end

lemma right_module_dsum:
  fixes M :: "'m::ab_group_add set" and act :: "'m \<Rightarrow> 'r::ring_1 \<Rightarrow> 'm" and \<Lambda> :: "'i set"
  assumes mod: "right_module M act"
  shows "right_module (dsum \<Lambda> M) (dsum_act act)"
proof -
  have "finite {i. f i + g i \<noteq> 0}" if "finite {i. f i \<noteq> 0}" "finite {i. g i \<noteq> 0}" for f g :: "'i \<Rightarrow> 'm"
    using that by (auto intro: finite_subset[of _ "{i. f i \<noteq> 0} \<union> {i. g i \<noteq> 0}"])
  moreover have "finite {i. act (f i) r \<noteq> 0}" if "finite {i. f i \<noteq> 0}" for f :: "'i \<Rightarrow> 'm" and r
    using that by (rule finite_subset[rotated]) (auto simp: rmod_zero_act[OF mod])
  ultimately show ?thesis
    using mod rmod_zero_act[OF mod] unfolding right_module_def dsum_def dsum_act_def
    by (auto simp: fun_eq_iff)
qed

lemma Ann_subset_Ann_dsum: "Ann M act \<subseteq> Ann (dsum \<Lambda> M) (dsum_act act)"
  by (auto simp: Ann_def dsum_def dsum_act_def fun_eq_iff)

lemma aleph0_injective_dsum_singleton_imp:
  fixes act :: "'m::ab_group_add \<Rightarrow> 'r::ring_1 \<Rightarrow> 'm"
  assumes mod: "right_module M act" and inj: "aleph0_injective (dsum {j} M) (dsum_act act)"
  shows "aleph0_injective M act"
  unfolding aleph0_injective_def
proof (intro allI impI, elim conjE)
  fix J :: "'r set" and h
  assume J: "countably_generated_right_ideal J" and h: "rmod_hom J (*) M act h"
  define h' where "h' x = (\<lambda>i. if i = j then h x else 0)" for x
  have "rmod_hom J (*) (dsum {j} M) (dsum_act act) h'"
    using h rmod_zero_closed[OF mod] rmod_zero_act[OF mod]
    unfolding rmod_hom_def h'_def dsum_def dsum_act_def by (auto simp: fun_eq_iff)
  then obtain g where g: "rmod_hom UNIV (*) (dsum {j} M) (dsum_act act) g" "\<forall>x\<in>J. g x = h' x"
    using inj J unfolding aleph0_injective_def by blast
  have "rmod_hom UNIV (*) M act (\<lambda>x. g x j)"
    using g(1) unfolding rmod_hom_def dsum_def dsum_act_def by auto
  moreover have "\<forall>x\<in>J. g x j = h x"
    using g(2) by (simp add: h'_def)
  ultimately show "\<exists>g. rmod_hom UNIV (*) M act g \<and> (\<forall>x\<in>J. g x = h x)"
    by blast
qed

section \<open>F-independent subsets of M are countable\<close>

lemma sum_fun_apply: "(\<Sum>i\<in>S. f i) x = (\<Sum>i\<in>S. f i x)"
  by (induction S rule: infinite_finite_induct) auto

definition F_combination ::
  "('f::field \<Rightarrow> 'r::ring_1) \<Rightarrow> ('m::ab_group_add \<Rightarrow> 'r \<Rightarrow> 'm) \<Rightarrow> 'm set \<Rightarrow> ('m \<Rightarrow> 'f) \<Rightarrow> 'm" where
  "F_combination \<phi> act T k = (\<Sum>b\<in>T. act b (\<phi> (k b)))"
(* Let $|\psi\rangle\in\mathcal{H}'$ be a pure state with $\langle\psi|\hat N^2|\psi\rangle<\infty$, and let $\{\mathcal{E}_\mu\}$ be a U(1)-invariant measurement such that for every outcome $\mu$ with $w_\mu:=\mathrm{Tr}\,\mathcal{E}_\mu(|\psi\rangle\langle\psi|)>0$ one has $\mathcal{E}_\mu(|\psi\rangle\langle\psi|)=w_\mu|\phi_\mu\rangle\langle\phi_\mu|$ for a pure state $|\phi_\mu\rangle$ with $\langle\phi_\mu|\hat N^2|\phi_\mu\rangle<\infty$. Then $$\sum_\mu w_\mu V(|\phi_\mu\rangle)\le V(|\psi\rangle),\qquad V(|\chi\rangle):=4\big(\langle\chi|\hat N^2|\chi\rangle-\langle\chi|\hat N|\chi\rangle^2\big).$$ That is, $V$ is an ensemble U(1)-frameness monotone.
   Context: Let $\mathcal{H}'$ be the Hilbert space with orthonormal basis $\{|n\rangle: n=0,1,2,\dots\}$, $\hat N=\sum_n n|n\rangle\langle n|$, and U(1) acts by $T(\phi)=e^{i\phi\hat N}$. A U(1)-invariant operation is a completely positive, trace-nonincreasing linear map $\mathcal{E}$ on operators on $\mathcal{H}'$ with $\mathcal{E}(T(\phi)XT(\phi)^\dagger)=T(\phi)\mathcal{E}(X)T(\phi)^\dagger$ for all $\phi,X$. A U(1)-invariant measurement is a (countable) family $\{\mathcal{E}_\mu\}$ of U(1)-invariant operations whose sum $\sum_\mu\mathcal{E}_\mu$ is trace-preserving; outcome $\mu$ occurs on input $\rho$ with probability $\mathrm{Tr}\,\mathcal{E}_\mu(\rho)$. *)

theory Defs
  imports "HOL-Analysis.Analysis"
begin

text \<open>Operators on H' = l2(nat) are represented by their (infinite) matrices
  in the number basis |n>, vectors by their coefficient sequences.\<close>

type_synonym mat = "nat \<Rightarrow> nat \<Rightarrow> complex"

definition pos_mat :: "mat \<Rightarrow> bool" where
  "pos_mat X \<longleftrightarrow> (\<forall>S v. finite S \<longrightarrow>
     (let q = (\<Sum>i\<in>S. \<Sum>j\<in>S. cnj (v i) * X i j * v j) in Im q = 0 \<and> Re q \<ge> 0))"

text \<open>Positive trace-class operators (positivity plus summable diagonal implies
  boundedness and trace class).\<close>
definition pos_tc :: "mat \<Rightarrow> bool" where
  "pos_tc X \<longleftrightarrow> pos_mat X \<and> summable (\<lambda>n. Re (X n n))"

definition trace_class :: "mat set" where
  "trace_class = {X. \<exists>A B C D. pos_tc A \<and> pos_tc B \<and> pos_tc C \<and> pos_tc D \<and>
      X = (\<lambda>i j. (A i j - B i j) + \<i> * (C i j - D i j))}"

definition trace :: "mat \<Rightarrow> complex" where
  "trace X = (\<Sum>\<^sub>\<infinity>n. X n n)"

text \<open>Positivity of a k x k block operator on C^k (x) H'.\<close>
definition pos_block :: "nat \<Rightarrow> (nat \<Rightarrow> nat \<Rightarrow> mat) \<Rightarrow> bool" where
  "pos_block k Y \<longleftrightarrow> (\<forall>S v. finite S \<longrightarrow>
     (let q = (\<Sum>a<k. \<Sum>b<k. \<Sum>i\<in>S. \<Sum>j\<in>S. cnj (v a i) * Y a b i j * v b j)
      in Im q = 0 \<and> Re q \<ge> 0))"

definition linear_tc :: "(mat \<Rightarrow> mat) \<Rightarrow> bool" where
  "linear_tc E \<longleftrightarrow>
     (\<forall>X\<in>trace_class. E X \<in> trace_class) \<and>
     (\<forall>X\<in>trace_class. \<forall>Y\<in>trace_class. E (\<lambda>i j. X i j + Y i j) = (\<lambda>i j. E X i j + E Y i j)) \<and>
     (\<forall>X\<in>trace_class. \<forall>c. E (\<lambda>i j. c * X i j) = (\<lambda>i j. c * E X i j))"

text \<open>Complete positivity: id_k (x) E maps positive (trace-class) block operators
  to positive block operators, for every k.\<close>
definition completely_positive :: "(mat \<Rightarrow> mat) \<Rightarrow> bool" where
  "completely_positive E \<longleftrightarrow>
     (\<forall>k Y. pos_block k Y \<and> (\<forall>a<k. pos_tc (Y a a)) \<longrightarrow> pos_block k (\<lambda>a b. E (Y a b)))"

definition trace_nonincreasing :: "(mat \<Rightarrow> mat) \<Rightarrow> bool" where
  "trace_nonincreasing E \<longleftrightarrow> (\<forall>X. pos_tc X \<longrightarrow> Re (trace (E X)) \<le> Re (trace X))"

text \<open>T(phi) X T(phi)^dagger with T(phi) = exp(i phi N).\<close>
definition rot :: "real \<Rightarrow> mat \<Rightarrow> mat" where
  "rot \<phi> X = (\<lambda>m n. cis (\<phi> * real m) * X m n * cis (- \<phi> * real n))"

definition u1_operation :: "(mat \<Rightarrow> mat) \<Rightarrow> bool" where
  "u1_operation E \<longleftrightarrow> linear_tc E \<and> completely_positive E \<and> trace_nonincreasing E \<and>
     (\<forall>\<phi>. \<forall>X\<in>trace_class. E (rot \<phi> X) = rot \<phi> (E X))"

definition u1_measurement :: "('m::countable \<Rightarrow> mat \<Rightarrow> mat) \<Rightarrow> bool" where
  "u1_measurement E \<longleftrightarrow> (\<forall>\<mu>. u1_operation (E \<mu>)) \<and>
     (\<forall>X\<in>trace_class. ((\<lambda>\<mu>. trace (E \<mu> X)) has_sum trace X) UNIV)"

definition unit_vec :: "(nat \<Rightarrow> complex) \<Rightarrow> bool" where
  "unit_vec x \<longleftrightarrow> ((\<lambda>n. (cmod (x n))\<^sup>2) has_sum 1) UNIV"

definition fin_N2 :: "(nat \<Rightarrow> complex) \<Rightarrow> bool" where
  "fin_N2 x \<longleftrightarrow> (\<lambda>n. (real n)\<^sup>2 * (cmod (x n))\<^sup>2) summable_on UNIV"

definition proj :: "(nat \<Rightarrow> complex) \<Rightarrow> mat" where
  "proj x = (\<lambda>m n. x m * cnj (x n))"

definition expN :: "(nat \<Rightarrow> complex) \<Rightarrow> real" where
  "expN x = (\<Sum>\<^sub>\<infinity>n. real n * (cmod (x n))\<^sup>2)"

definition expN2 :: "(nat \<Rightarrow> complex) \<Rightarrow> real" where
  "expN2 x = (\<Sum>\<^sub>\<infinity>n. (real n)\<^sup>2 * (cmod (x n))\<^sup>2)"

definition Vfr :: "(nat \<Rightarrow> complex) \<Rightarrow> real" where
  "Vfr x = 4 * (expN2 x - (expN x)\<^sup>2)"
(* Let $X$ be a space, $A\subset X$ and $x\in \operatorname{int}A$, and suppose the boundary $\partial A$ is a C-set in $X$. Then there is a clopen set $C\subset X$ with $x\in C$ and $C\cap\partial A=\varnothing$, and $C\cap\operatorname{int}A=C\cap\overline A$ is clopen in $X$. Consequently a space is rim-C (has a basis of open sets whose boundaries are C-sets) if and only if it is zero-dimensional.
   Context: All spaces are separable and metrizable. A subset $A$ of a space $X$ is a C-set in $X$ if $A$ is an intersection of clopen subsets of $X$ (the empty set counts as a C-set). *)

theory Defs
  imports "HOL-Analysis.Analysis"
begin

text \<open>A C-set in X: an intersection of clopen subsets of X (empty intersection read
  relative to the carrier, so the whole space is a C-set; the empty set is one as well).\<close>
definition c_set :: "'a topology \<Rightarrow> 'a set \<Rightarrow> bool" where
  "c_set X A \<longleftrightarrow> (\<exists>F. (\<forall>C\<in>F. closedin X C \<and> openin X C) \<and> A = topspace X \<inter> \<Inter>F)"

definition rim_C :: "'a topology \<Rightarrow> bool" where
  "rim_C X \<longleftrightarrow> (\<exists>B. (\<forall>U\<in>B. openin X U \<and> c_set X (X frontier_of U)) \<and>
                    (\<forall>W x. openin X W \<and> x \<in> W \<longrightarrow> (\<exists>U\<in>B. x \<in> U \<and> U \<subseteq> W)))"

end

theory Submission
  imports Defs
begin

text \<open>A point outside a C-set is separated from it by a clopen set, namely the complement of
  one of the clopen sets whose intersection is the C-set. Applied to the boundary of \<open>A\<close> at an
  interior point \<open>x\<close>, this gives a clopen \<open>C \<ni> x\<close> missing \<open>\<partial>A\<close>; on \<open>C\<close> the closure and the interior
  of \<open>A\<close> then agree, so \<open>C \<inter> int A\<close> is both open and closed. For an open \<open>U\<close> with a C-set as
  boundary, \<open>C \<inter> U\<close> is therefore a clopen neighbourhood of \<open>x\<close> inside \<open>U\<close>, so rim-C spaces are
  zero-dimensional; conversely clopen sets have empty boundary, which is a C-set.\<close>

lemma c_set_empty: "c_set X {}"
  unfolding c_set_def by (rule exI[of _ "{{}}"]) simp

lemma c_set_frontier_of_clopen:
  assumes "closedin X U" "openin X U"
  shows "c_set X (X frontier_of U)"
  using assms clopenin_eq_frontier_of c_set_empty by metis

lemma c_set_separating_clopen:
  assumes "c_set X S" "x \<in> topspace X" "x \<notin> S"
  obtains C where "closedin X C" "openin X C" "x \<in> C" "C \<inter> S = {}"
proof -
  obtain F where F: "\<forall>C\<in>F. closedin X C \<and> openin X C" "S = topspace X \<inter> \<Inter>F"
    using assms(1) unfolding c_set_def by blast
  then obtain C0 where "C0 \<in> F" "x \<notin> C0"
    using assms(2,3) by blast
  with F assms(2) show thesis
    by (intro that[of "topspace X - C0"]) auto
qed

lemma Int_interior_of_eq_Int_closure_of:
  assumes "C \<inter> X frontier_of A = {}"
  shows "C \<inter> X interior_of A = C \<inter> X closure_of A"
  using assms interior_of_union_frontier_of[of X A] by blast

lemma clopen_neighbourhood_avoiding_c_set_frontier:
  assumes "x \<in> X interior_of A" "c_set X (X frontier_of A)"
  shows "\<exists>C. closedin X C \<and> openin X C \<and> x \<in> C \<and> C \<inter> X frontier_of A = {} \<and>
             C \<inter> X interior_of A = C \<inter> X closure_of A \<and>
             closedin X (C \<inter> X interior_of A) \<and> openin X (C \<inter> X interior_of A)"
proof -
  have "x \<in> topspace X" "x \<notin> X frontier_of A"
    using assms(1) interior_of_subset_topspace[of X A] by (auto simp: frontier_of_def)
  then obtain C where C: "closedin X C" "openin X C" "x \<in> C" "C \<inter> X frontier_of A = {}"
    using c_set_separating_clopen assms(2) by metis
  have eq: "C \<inter> X interior_of A = C \<inter> X closure_of A"
    using C(4) by (rule Int_interior_of_eq_Int_closure_of)
  have "closedin X (C \<inter> X interior_of A)"
    unfolding eq using C by (simp add: closedin_Int)
  moreover have "openin X (C \<inter> X interior_of A)"
    using C by (simp add: openin_Int)
  ultimately show ?thesis
    using C eq by blast
qed

lemma rim_C_iff_dim_le_0: "rim_C X \<longleftrightarrow> X dim_le 0"
proof
  assume "rim_C X"
  then obtain B where B: "\<forall>U\<in>B. openin X U \<and> c_set X (X frontier_of U)"
    and base: "\<forall>W x. openin X W \<and> x \<in> W \<longrightarrow> (\<exists>U\<in>B. x \<in> U \<and> U \<subseteq> W)"
    unfolding rim_C_def by blast
  have "\<exists>V. closedin X V \<and> openin X V \<and> x \<in> V \<and> V \<subseteq> W"
    if W: "openin X W" "x \<in> W" for W x
  proof -
    obtain U where U: "U \<in> B" "x \<in> U" "U \<subseteq> W"
      using base W by blast
    then have "openin X U" "c_set X (X frontier_of U)"
      using B by blast+
    then have "X interior_of U = U" "x \<in> X interior_of U"
      using U(2) by (simp_all add: interior_of_openin)
    then obtain C where "closedin X C" "openin X C" "x \<in> C"
      "closedin X (C \<inter> U)" "openin X (C \<inter> U)"
      using clopen_neighbourhood_avoiding_c_set_frontier \<open>c_set X (X frontier_of U)\<close> by metis
    then show ?thesis
      using U(2,3) by (intro exI[of _ "C \<inter> U"]) blast
  qed
  then show "X dim_le 0"
    by (simp add: dimension_le_0_neighbourhood_base_of_clopen open_neighbourhood_base_of)
next
  assume "X dim_le 0"
  then have "\<forall>W x. openin X W \<and> x \<in> W \<longrightarrow> (\<exists>V. closedin X V \<and> openin X V \<and> x \<in> V \<and> V \<subseteq> W)"
    by (simp add: dimension_le_0_neighbourhood_base_of_clopen open_neighbourhood_base_of)
  then show "rim_C X"
    unfolding rim_C_def
    by (intro exI[of _ "{V. closedin X V \<and> openin X V}"]) (blast intro: c_set_frontier_of_clopen)
qed

theorem mainTheorem5:
  fixes X :: "'a topology"
  assumes "metrizable_space X" and "separable_space X"
  shows "(\<forall>A x. A \<subseteq> topspace X \<and> x \<in> X interior_of A \<and> c_set X (X frontier_of A) \<longrightarrow>
            (\<exists>C. closedin X C \<and> openin X C \<and> x \<in> C \<and> C \<inter> X frontier_of A = {} \<and>
                 C \<inter> X interior_of A = C \<inter> X closure_of A \<and>
                 closedin X (C \<inter> X interior_of A) \<and> openin X (C \<inter> X interior_of A)))
         \<and> (rim_C X \<longleftrightarrow> X dim_le 0)"
  by (simp add: clopen_neighbourhood_avoiding_c_set_frontier rim_C_iff_dim_le_0)

end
- - - - -
* **WHAT TO WORK ON**
From the entries, copy every line in which the string "infinity" can be found.

* **FINAL ANSWER**
  "trace X = (\<Sum>\<^sub>\<infinity>n. X n n)"
  "expN x = (\<Sum>\<^sub>\<infinity>n. real n * (cmod (x n))\<^sup>2)"
  "expN2 x = (\<Sum>\<^sub>\<infinity>n. (real n)\<^sup>2 * (cmod (x n))\<^sup>2)"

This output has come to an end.